Each line in the records below that has the word "assms" should be copied.

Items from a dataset

*** Block opens ***

lemma mp_pinv_unique:
  fixes A B1 B2 :: "real mat"
  assumes A: "A \<in> carrier_mat m k" and h1: "is_mp_pinv A B1" and h2: "is_mp_pinv A B2"
  shows "B1 = B2"
proof -
  have B1: "B1 \<in> carrier_mat k m" and BAB1: "B1 * A * B1 = B1"
    and T1: "transpose_mat (A * B1) = A * B1"
    using h1 A unfolding is_mp_pinv_def by auto
  have B2: "B2 \<in> carrier_mat k m" and BAB2: "B2 * A * B2 = B2"
    and T2: "transpose_mat (B2 * A) = B2 * A"
    using h2 A unfolding is_mp_pinv_def by auto
  have AT: "transpose_mat A \<in> carrier_mat k m" using A by auto
  have B1T: "transpose_mat B1 \<in> carrier_mat m k" and B2T: "transpose_mat B2 \<in> carrier_mat m k"
    using B1 B2 by auto
  have AB1: "A * B1 \<in> carrier_mat m m" and AB2: "A * B2 \<in> carrier_mat m m"
    and B1A: "B1 * A \<in> carrier_mat k k"
    using A B1 B2 by auto
  have B1_absorb: "B1 * (A * B1) = B1" using BAB1 assoc_mult_mat[OF B1 A B1] by simp
  have "B1 = B1 * (transpose_mat B1 * transpose_mat A)"
    using B1_absorb T1 transpose_mult[OF A B1] by simp
  also have "\<dots> = B1 * (transpose_mat B1 * (transpose_mat A * (A * B2)))"
    using mp_pinv_transpose_absorb(1)[OF A h2] by simp
  also have "\<dots> = B1 * (A * B1) * (A * B2)"
    using assoc_mult_mat[OF B1T AT AB2] transpose_mult[OF A B1] T1 assoc_mult_mat[OF B1 AB1 AB2]
    by simp
  also have "\<dots> = B1 * A * B2"
    using B1_absorb assoc_mult_mat[OF B1 A B2] by simp
  finally have B1_eq: "B1 = B1 * A * B2" .
  have "B2 = (transpose_mat A * transpose_mat B2) * B2"
    using BAB2 T2 transpose_mult[OF B2 A] by simp
  also have "\<dots> = (B1 * A * transpose_mat A * transpose_mat B2) * B2"
    using mp_pinv_transpose_absorb(2)[OF A h1] by simp
  also have "\<dots> = B1 * A * ((transpose_mat A * transpose_mat B2) * B2)"
    using assoc_mult_mat[OF B1A AT B2T] assoc_mult_mat[OF B1A mult_carrier_mat[OF AT B2T] B2]
    by simp
  also have "(transpose_mat A * transpose_mat B2) * B2 = B2"
    using BAB2 T2 transpose_mult[OF B2 A] by simp
  finally show ?thesis using B1_eq by simp
qed

lemma is_mp_pinv_mp_pinv:
  fixes A :: "real mat"
  assumes A: "A \<in> carrier_mat m k"
  shows "is_mp_pinv A (mp_pinv A)"
proof -
  obtain B where B: "is_mp_pinv A B" using mp_pinv_exists[OF A] ..
  show ?thesis unfolding mp_pinv_def
    by (rule theI[of "is_mp_pinv A", OF B]) (rule mp_pinv_unique[OF A _ B])
qed

lemma mult_mat_vec_zero: "(A :: 'a :: semiring_0 mat) \<in> carrier_mat m k \<Longrightarrow> A *\<^sub>v 0\<^sub>v k = 0\<^sub>v m"
  by (rule eq_vecI) (auto simp: scalar_prod_def)

lemma mp_pinv_mult_vec_eq_0_imp_transpose:
  fixes A :: "real mat"
  assumes A: "A \<in> carrier_mat m k" and v: "v \<in> carrier_vec m"
    and Bv: "mp_pinv A *\<^sub>v v = 0\<^sub>v k"
  shows "transpose_mat A *\<^sub>v v = 0\<^sub>v k"
proof -
  have B: "is_mp_pinv A (mp_pinv A)" by (rule is_mp_pinv_mp_pinv[OF A])
  then have Bc: "mp_pinv A \<in> carrier_mat k m" using A unfolding is_mp_pinv_def by auto
  have "transpose_mat A *\<^sub>v v = transpose_mat A * (A * mp_pinv A) *\<^sub>v v"
    using mp_pinv_transpose_absorb(1)[OF A B] by simp
  also have "\<dots> = transpose_mat A *\<^sub>v (A *\<^sub>v (mp_pinv A *\<^sub>v v))"
    using assoc_mult_mat_vec[OF _ mult_carrier_mat[OF A Bc] v, of "transpose_mat A" k]
      assoc_mult_mat_vec[OF A Bc v] A by simp
  finally show ?thesis
    using Bv mult_mat_vec_zero[OF A] mult_mat_vec_zero[of "transpose_mat A" k m] A by simp
qed

lemma sum_mod_div_eq_double_sum:
  fixes f :: "nat \<Rightarrow> nat \<Rightarrow> 'a :: comm_monoid_add"
  shows "(\<Sum>t\<in>{0..<n * m}. f (t mod n) (t div n)) = (\<Sum>j\<in>{0..<m}. \<Sum>i\<in>{0..<n}. f i j)"
proof (induction m)
  case (Suc m)
  have "{n * m..<n * Suc m} = {0 + n * m..<n + n * m}" by (simp add: add.commute)
  then have "(\<Sum>t\<in>{n * m..<n * Suc m}. f (t mod n) (t div n))
      = (\<Sum>i\<in>{0..<n}. f ((i + n * m) mod n) ((i + n * m) div n))"
    using sum.shift_bounds_nat_ivl[of "\<lambda>t. f (t mod n) (t div n)" 0 "n * m" n] by simp
  also have "\<dots> = (\<Sum>i\<in>{0..<n}. f i m)"
    by (rule sum.cong) auto
  finally show ?case
    using Suc sum.atLeastLessThan_concat[of 0 "n * m" "n * Suc m" "\<lambda>t. f (t mod n) (t div n)"]
    by simp
qed simp

lemma vecm_carrier: "Y \<in> carrier_mat n m \<Longrightarrow> vecm Y \<in> carrier_vec (n * m)"
  unfolding vecm_def by auto

lemma vecm_add: "A \<in> carrier_mat n m \<Longrightarrow> B \<in> carrier_mat n m \<Longrightarrow> vecm (A + B) = vecm A + vecm B"
proof -
  assume A: "A \<in> carrier_mat n m" and B: "B \<in> carrier_mat n m"
  have "t mod n < n \<and> t div n < m" if "t < n * m" for t
    using that by (cases n) (auto simp: div_less_iff_less_mult mult.commute)
  then show ?thesis unfolding vecm_def using A B by (intro eq_vecI) auto
qed

lemma vecm_scalar_prod:
  assumes "A \<in> carrier_mat n m" and "B \<in> carrier_mat n m"
  shows "vecm A \<bullet> vecm B = (\<Sum>i\<in>{0..<n}. \<Sum>j\<in>{0..<m}. A $$ (i, j) * B $$ (i, j))"
proof -
  have "vecm A \<bullet> vecm B = (\<Sum>t\<in>{0..<n * m}. A $$ (t mod n, t div n) * B $$ (t mod n, t div n))"
    using assms unfolding vecm_def scalar_prod_def by auto
  also have "\<dots> = (\<Sum>j\<in>{0..<m}. \<Sum>i\<in>{0..<n}. A $$ (i, j) * B $$ (i, j))"
    by (rule sum_mod_div_eq_double_sum)
  finally show ?thesis by (subst sum.swap)
qed

lemma vecm_scalar_prod_transpose:
  assumes "A \<in> carrier_mat n m" and "B \<in> carrier_mat n m"
  shows "vecm (transpose_mat A) \<bullet> vecm (transpose_mat B) = vecm A \<bullet> vecm B"
  unfolding vecm_scalar_prod[OF assms] using assms
  by (subst vecm_scalar_prod[of _ m n]) (auto intro: sum.swap)

lemma vecm_scalar_prod_mult_transpose:
  assumes E: "E \<in> carrier_mat n n" and X: "X \<in> carrier_mat n r" and Y: "Y \<in> carrier_mat n r"
  shows "vecm E \<bullet> vecm (Y * transpose_mat X) = vecm (E * X) \<bullet> vecm Y"
proof -
  have YX: "Y * transpose_mat X \<in> carrier_mat n n" using X Y by auto
  have "vecm E \<bullet> vecm (Y * transpose_mat X)
      = (\<Sum>i\<in>{0..<n}. \<Sum>j\<in>{0..<n}. E $$ (i, j) * (\<Sum>l\<in>{0..<r}. Y $$ (i, l) * X $$ (j, l)))"
    unfolding vecm_scalar_prod[OF E YX] using X Y by (auto intro!: sum.cong simp: scalar_prod_def)
  also have "\<dots> = (\<Sum>i\<in>{0..<n}. \<Sum>j\<in>{0..<n}. \<Sum>l\<in>{0..<r}. Y $$ (i, l) * (E $$ (i, j) * X $$ (j, l)))"
    by (simp add: sum_distrib_left mult_ac)
  also have "\<dots> = (\<Sum>i\<in>{0..<n}. \<Sum>l\<in>{0..<r}. \<Sum>j\<in>{0..<n}. Y $$ (i, l) * (E $$ (i, j) * X $$ (j, l)))"
    by (rule sum.cong[OF refl], rule sum.swap)
  also have "\<dots> = vecm (E * X) \<bullet> vecm Y"
    unfolding vecm_scalar_prod[OF mult_carrier_mat[OF E X] Y] using E X
    by (auto intro!: sum.cong simp: scalar_prod_def sum_distrib_left mult_ac)
  finally show ?thesis .
qed

lemma vecm_scalar_prod_symmetrized:
  assumes E: "E \<in> carrier_mat n n" and E_sym: "transpose_mat E = E"
    and X: "X \<in> carrier_mat n r" and Y: "Y \<in> carrier_mat n r"
  shows "vecm E \<bullet> vecm (X * transpose_mat Y + Y * transpose_mat X) = 2 * (vecm (E * X) \<bullet> vecm Y)"
proof -
  have XY: "X * transpose_mat Y \<in> carrier_mat n n" and YX: "Y * transpose_mat X \<in> carrier_mat n n"
    using X Y by auto
  have "vecm E \<bullet> vecm (X * transpose_mat Y) = vecm E \<bullet> vecm (Y * transpose_mat X)"
    using vecm_scalar_prod_transpose[OF E XY] E_sym transpose_mult[OF X, of "transpose_mat Y" n] Y
    by simp
  then show ?thesis
    using vecm_scalar_prod_mult_transpose[OF E X Y] vecm_carrier[OF E] vecm_carrier[OF XY]
      vecm_carrier[OF YX]
    by (simp add: vecm_add[OF XY YX] scalar_prod_add_distrib[of _ "n * n"])
qed

lemma vecm_self_scalar_prod_eq_0:
  assumes Y: "Y \<in> carrier_mat n m" and Y0: "vecm Y \<bullet> vecm Y = 0"
  shows "Y = 0\<^sub>m n m"
proof (rule eq_matI)
  fix i j assume i: "i < dim_row (0\<^sub>m n m)" and j: "j < dim_col (0\<^sub>m n m)"
  have "(\<Sum>i\<in>{0..<n}. \<Sum>j\<in>{0..<m}. Y $$ (i, j) * Y $$ (i, j)) = 0"
    using Y0 vecm_scalar_prod[OF Y Y] by simp
  then have "\<forall>i\<in>{0..<n}. (\<Sum>j\<in>{0..<m}. Y $$ (i, j) * Y $$ (i, j)) = 0"
    by (subst (asm) sum_nonneg_eq_0_iff) (auto intro: sum_nonneg)
  then have "\<forall>j\<in>{0..<m}. Y $$ (i, j) * Y $$ (i, j) = 0"
    using i by (subst (asm) sum_nonneg_eq_0_iff) auto
  then show "Y $$ (i, j) = 0\<^sub>m n m $$ (i, j)" using i j by auto
qed (use Y in auto)

lemma mult_transpose_mult_orthogonal:
  fixes X U :: "'a :: field mat"
  assumes X: "X \<in> carrier_mat n r" and U: "U \<in> carrier_mat r r"
    and UTU: "transpose_mat U * U = 1\<^sub>m r"
  shows "X * U * transpose_mat (X * U) = X * transpose_mat X"
proof -
  have UT: "transpose_mat U \<in> carrier_mat r r" and XT: "transpose_mat X \<in> carrier_mat r n"
    using U X by auto
  have UUT: "U * transpose_mat U = 1\<^sub>m r"
    by (rule mat_mult_left_right_inverse[OF UT U UTU])
  have "X * U * transpose_mat (X * U) = X * U * transpose_mat U * transpose_mat X"
    using transpose_mult[OF X U] assoc_mult_mat[OF mult_carrier_mat[OF X U] UT XT] by simp
  also have "X * U * transpose_mat U = X"
    using assoc_mult_mat[OF X U UT] UUT X by simp
  finally show ?thesis .
qed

*** Block closes ***

Task solution »
    using assms unfolding vecm_def scalar_prod_def by auto
  unfolding vecm_scalar_prod[OF assms] using assms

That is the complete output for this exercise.